In the innocent parameters of Cecilia's imagination, she had envisioned Kazdel as merely another iteration of Laterano. Or more accurately, she had subconsciously assumed that every Nomadic City across the face of Terra mirrored the architectural splendor and pristine stability of her homeland, rather than presenting a continuous expanse of shattered infrastructure and skeletal ruins.
This unfiltered exposure to systemic decay was delivering a monumental psychological shock to her young mind—an impression far more visceral than the sporadic, distant thunder of artillery detonations echoing across the wasteland. After all, unexpected explosions were a regular, almost mundane staple of daily life back in Laterano.

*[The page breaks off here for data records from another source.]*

(* In the social learning model, suppose that $G_-$ and $G_+$ are continuous and that the left tail of $G_-$ is convex and differentiable. Suppose $f\colon\mathbb{R}_{>0}\to\mathbb{R}_{>0}$ satisfies $f'(t)=G_-(-f(t))$ for all sufficiently large $t$. Then, conditional on $\theta=+1$, $$\lim_{t\to\infty}\frac{\ell_t}{f(t)}=1$$ with probability $1$.
   Context: Social learning model. A state $\theta\in\{-1,+1\}$ is drawn with $\mathbb{P}(\theta=+1)=\mathbb{P}(\theta=-1)=1/2$. Agents $t=1,2,\dots$ receive private signals $s_t\in\mathbb{R}$ that are i.i.d. conditionally on $\theta$, with CDF $F_+$ if $\theta=+1$ and $F_-$ if $\theta=-1$; $F_+$ and $F_-$ are mutually absolutely continuous. Let $L_t=\log\frac{\mathbb{P}(\theta=+1\mid s_t)}{\mathbb{P}(\theta=-1\mid s_t)}$ be the private log-likelihood ratio, and let $G_+$, $G_-$ denote the CDFs of $L_t$ conditional on $\theta=+1$, $\theta=-1$ respectively. Signals are assumed unbounded: for every $M\in\mathbb{R}$, $\mathbb{P}(L_t>M)>0$ and $\mathbb{P}(L_t<-M)>0$. Agent $t$ observes $a_1,\dots,a_{t-1}$ and her own signal and chooses $a_t\in\{-1,+1\}$ (utility $1$ if $a_t=\theta$, else $0$). The public belief is $\mu_t=\mathbb{P}(\theta=+1\mid a_1,\dots,a_{t-1})$ and $\ell_t=\log\frac{\mu_t}{1-\mu_t}$ (so $\ell_1=0$). In equilibrium $a_t=+1$ iff $\ell_t+L_t>0$, and otherwise $a_t=-1$. Consequently $\ell_{t+1}=\ell_t+D_+(\ell_t)$ if $a_t=+1$ and $\ell_{t+1}=\ell_t+D_-(\ell_t)$ if $a_t=-1$, where $D_+(x)=\log\frac{1-G_+(-x)}{1-G_-(-x)}$ and $D_-(x)=\log\frac{G_+(-x)}{G_-(-x)}$. We write $\mathbb{P}_+(\cdot)=\mathbb{P}(\cdot\mid\theta=+1)$ and $\mathbb{E}_+$ for the corresponding expectation. "The left tail of $G_-$ is convex and differentiable" means: there exists $x_0\in\mathbb{R}$ such that the restriction of $G_-$ to $(-\infty,x_0)$ is convex and differentiable. *)

theory Defs
  imports "HOL-Probability.Probability"
begin

text \<open>CDF of the private log-likelihood ratio Lf(s) when the signal s has law F.
  With F = F_+ this is G_+, with F = F_- it is G_-.\<close>
definition llr_cdf :: "real measure \<Rightarrow> (real \<Rightarrow> real) \<Rightarrow> real \<Rightarrow> real" where
  "llr_cdf F Lf x = measure F {s. Lf s \<le> x}"

definition Dplus :: "(real \<Rightarrow> real) \<Rightarrow> (real \<Rightarrow> real) \<Rightarrow> real \<Rightarrow> real" where
  "Dplus Gp Gm x = ln ((1 - Gp (- x)) / (1 - Gm (- x)))"

definition Dminus :: "(real \<Rightarrow> real) \<Rightarrow> (real \<Rightarrow> real) \<Rightarrow> real \<Rightarrow> real" where
  "Dminus Gp Gm x = ln (Gp (- x) / Gm (- x))"

text \<open>Public log-likelihood ratio: pub_llr Gp Gm L t = \<ell>_t for t \<ge> 1, where L t is
  the private log-likelihood ratio of agent t (agents are 1,2,...). Index 0 is a dummy.
  \<ell>_1 = 0; agent t plays +1 iff \<ell>_t + L_t > 0.\<close>
fun pub_llr :: "(real \<Rightarrow> real) \<Rightarrow> (real \<Rightarrow> real) \<Rightarrow> (nat \<Rightarrow> real) \<Rightarrow> nat \<Rightarrow> real" where
  "pub_llr Gp Gm L 0 = 0"
| "pub_llr Gp Gm L (Suc t) =
     (if t = 0 then 0
      else (let x = pub_llr Gp Gm L t in
            if x + L t > 0 then x + Dplus Gp Gm x else x + Dminus Gp Gm x))"

end

theory Submission
  imports Defs "HOL-Real_Asymp.Real_Asymp"
begin

text \<open>Under the state +1 the likelihood ratio exp(-l_t) of the state -1 is a martingale, so by
  Ville's inequality the public belief l_t rarely falls far after it has reached a high level; and
  while l_t stays in a bounded band, exp(-l_t/2) / \<rho>^t is a supermartingale for some \<rho> < 1, so l_t
  leaves every band. Hence l_t tends to infinity almost surely. From then on every agent plays +1,
  since an action -1 would push l_t below 0, so l_(t+1) = l_t + D_+(l_t), and D_+(x) is asymptotic
  both to G_-(-x) and, by convexity of the tail, to G_-(-x - D_+(x)). Comparing with the ODE
  f' = G_-(-f): the times \<tau>_t at which f reaches l_t advance by 1 + o(1), so \<tau>_t ~ t, and
  f(\<tau>_t) ~ f(t) because f is concave with t f'(t) \<le> f(t) + O(1).\<close>

section \<open>Comparison with the ODE f' = g(f)\<close>

lemma asymp_linear_of_increments:
  fixes \<tau> :: "nat \<Rightarrow> real" and \<epsilon> :: real
  assumes "\<And>\<delta>. 0 < \<delta> \<Longrightarrow>
    eventually (\<lambda>n. 1 - \<delta> \<le> \<tau> (Suc n) - \<tau> n \<and> \<tau> (Suc n) - \<tau> n \<le> 1 + \<delta>) sequentially"
    and "0 < \<epsilon>"
  shows "eventually (\<lambda>n. (1 - \<epsilon>) * real n \<le> \<tau> n \<and> \<tau> n \<le> (1 + \<epsilon>) * real n) sequentially"
proof -
  define \<delta> where "\<delta> = \<epsilon> / 2"
  have "0 < \<delta>" using assms(2) by (simp add: \<delta>_def)
  then obtain M where M: "\<And>n. M \<le> n \<Longrightarrow> 1 - \<delta> \<le> \<tau> (Suc n) - \<tau> n \<and> \<tau> (Suc n) - \<tau> n \<le> 1 + \<delta>"
    using assms(1) by (auto simp: eventually_sequentially)
  have linear: "\<tau> M + (1 - \<delta>) * (real n - M) \<le> \<tau> n \<and> \<tau> n \<le> \<tau> M + (1 + \<delta>) * (real n - M)"
    if "M \<le> n" for n
    using that
  proof (induction n rule: dec_induct)
    case (step n)
    then show ?case using M[of n] by (auto simp: algebra_simps)
  qed simp
  have "eventually (\<lambda>n. \<bar>\<tau> M\<bar> + 2 * real M \<le> \<delta> * real n) sequentially"
    using \<open>0 < \<delta>\<close> by real_asymp
  then show ?thesis using eventually_ge_at_top[of M]
  proof eventually_elim
    case (elim n)
    have "0 \<le> \<delta> * real M" using \<open>0 < \<delta>\<close> by simp
    moreover have "\<epsilon> = 2 * \<delta>" by (simp add: \<delta>_def)
    ultimately show ?case using linear[OF elim(2)] elim(1) by (auto simp: algebra_simps)
  qed
qed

When the convoy finally taxied to a halt within the perimeter of their designated destination, Jeanne immediately spotted Cecilia's father, an exceptionally ordinary-looking Sarkaz sporting a set of pointed horns, his civilian posture indicating he was by no means a man who earned his bread through the brutal trade of a mercenary.

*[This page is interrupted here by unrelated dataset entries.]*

(* Let $\mathbb{C}$ be a pointed protomodular category in which centralizers of Bourn-normal monomorphisms exist and are Bourn-normal monomorphisms. Suppose $A$ is an abelian and complete${}^*$ object of $\mathbb{C}$ and $B$ is a strong-complete object of $\mathbb{C}$. If $\hom(B,A)=\{0\}$, then $B\times A$ is complete${}^*$.
   Context: A pointed category with finite limits is protomodular if the split short five lemma holds. Morphisms $f:A'\to X$, $g:B'\to X$ commute if some $\varphi:A'\times B'\to X$ has $\varphi\langle1,0\rangle=f$, $\varphi\langle0,1\rangle=g$; the centralizer $z_f:Z_X(A',f)\to X$ of $f$ is the terminal object among morphisms into $X$ commuting with $f$. An object $A$ is abelian if $1_A$ commutes with $1_A$. A protosplit monomorphism is a kernel of a split epimorphism; a monomorphism $m:S\to Y$ is Bourn-normal if there is an equivalence relation $(R,r_1,r_2)$ on $Y$ and $\tilde m:S\times S\to R$ with $r_1\tilde m=m\pi_1$, $r_2\tilde m=m\pi_2$ and the square $r_1\tilde m=m\pi_1$ a pullback. An object $X$ is complete${}^*$ if every Bourn-normal monomorphism with domain $X$ is a split monomorphism, and strong-complete if every protosplit monomorphism with domain $X$ is a split monomorphism with a unique retraction. *)

theory Defs
  imports Main
begin

text \<open>A (possibly large) category presented by its object set, arrow set,
domain, codomain, identities and composition; Cmp C g f is g after f.\<close>

record ('o, 'm) cat =
  Ob  :: "'o set"
  Ar  :: "'m set"
  Dom :: "'m \<Rightarrow> 'o"
  Cod :: "'m \<Rightarrow> 'o"
  Idm :: "'o \<Rightarrow> 'm"
  Cmp :: "'m \<Rightarrow> 'm \<Rightarrow> 'm"

definition hom :: "('o, 'm) cat \<Rightarrow> 'o \<Rightarrow> 'o \<Rightarrow> 'm set" where
  "hom C X Y = {f \<in> Ar C. Dom C f = X \<and> Cod C f = Y}"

Choosing not to intrude upon the sanctity of this family's emotional reunion, Jeanne quietly turned away to evaluate the parameters of this modest frontier settlement. At the very least, this sector felt significantly more orderly and structurally intact than the vast majority of the blighted zones she had crossed.
The settlement itself was quite constrained in scale, its surrounding structures primarily fabricated from rough-hewn timber. Remarkably, the immediate vicinity bore zero visible scars of recent military engagements, looking as though the localized fires of war rarely breached this perimeter.
"This is... a remarkably unexpected landscape," Jeanne murmured to herself as she strolled down the unpretentious streets of the settlement. "I had operated under the assumption that this town would present a far more desolate face."
"That is because this location represents one of the final remaining logistical replenishment nodes across the entire sector. If it were to be structurally compromised, those warring factions would find themselves entirely devoid of a viable baseline to resupply their units. Even the most savage of wild beasts understand not to engage in lethal combat at a shared watering hole."
A voice crystallized from the shadows directly behind Jeanne—a voice that was achingly, intensely familiar. Yet, not a single trace of startle manifested on Jeanne's visage, her posture perfectly relaxed, as if she had been fully cognizant of the individual's presence long before he chose to speak.
"I knew it. How could the Laterano authorities possibly remain so entirely unbothered as to let a mother and child depart their borders completely unescorted? So there truly was a shadow trailing them after all, hmm?"
Jeanne turned her head, her voice light as she addressed Executor, who had just stepped out into the light. Standing before her was that exceptionally rare breed of absolute, literal-minded rectitude within the borders of Laterano.
"This is not an act of covert surveillance; it is an active deployment executed strictly to guarantee their physical preservation," Executor corrected in his characteristic, clockwork cadence, his tone as precise and unyielding as an official bureaucratic brief. "As you are well aware, the ideological status of the child known as Cecilia remains, at its core, exceptionally anomalous."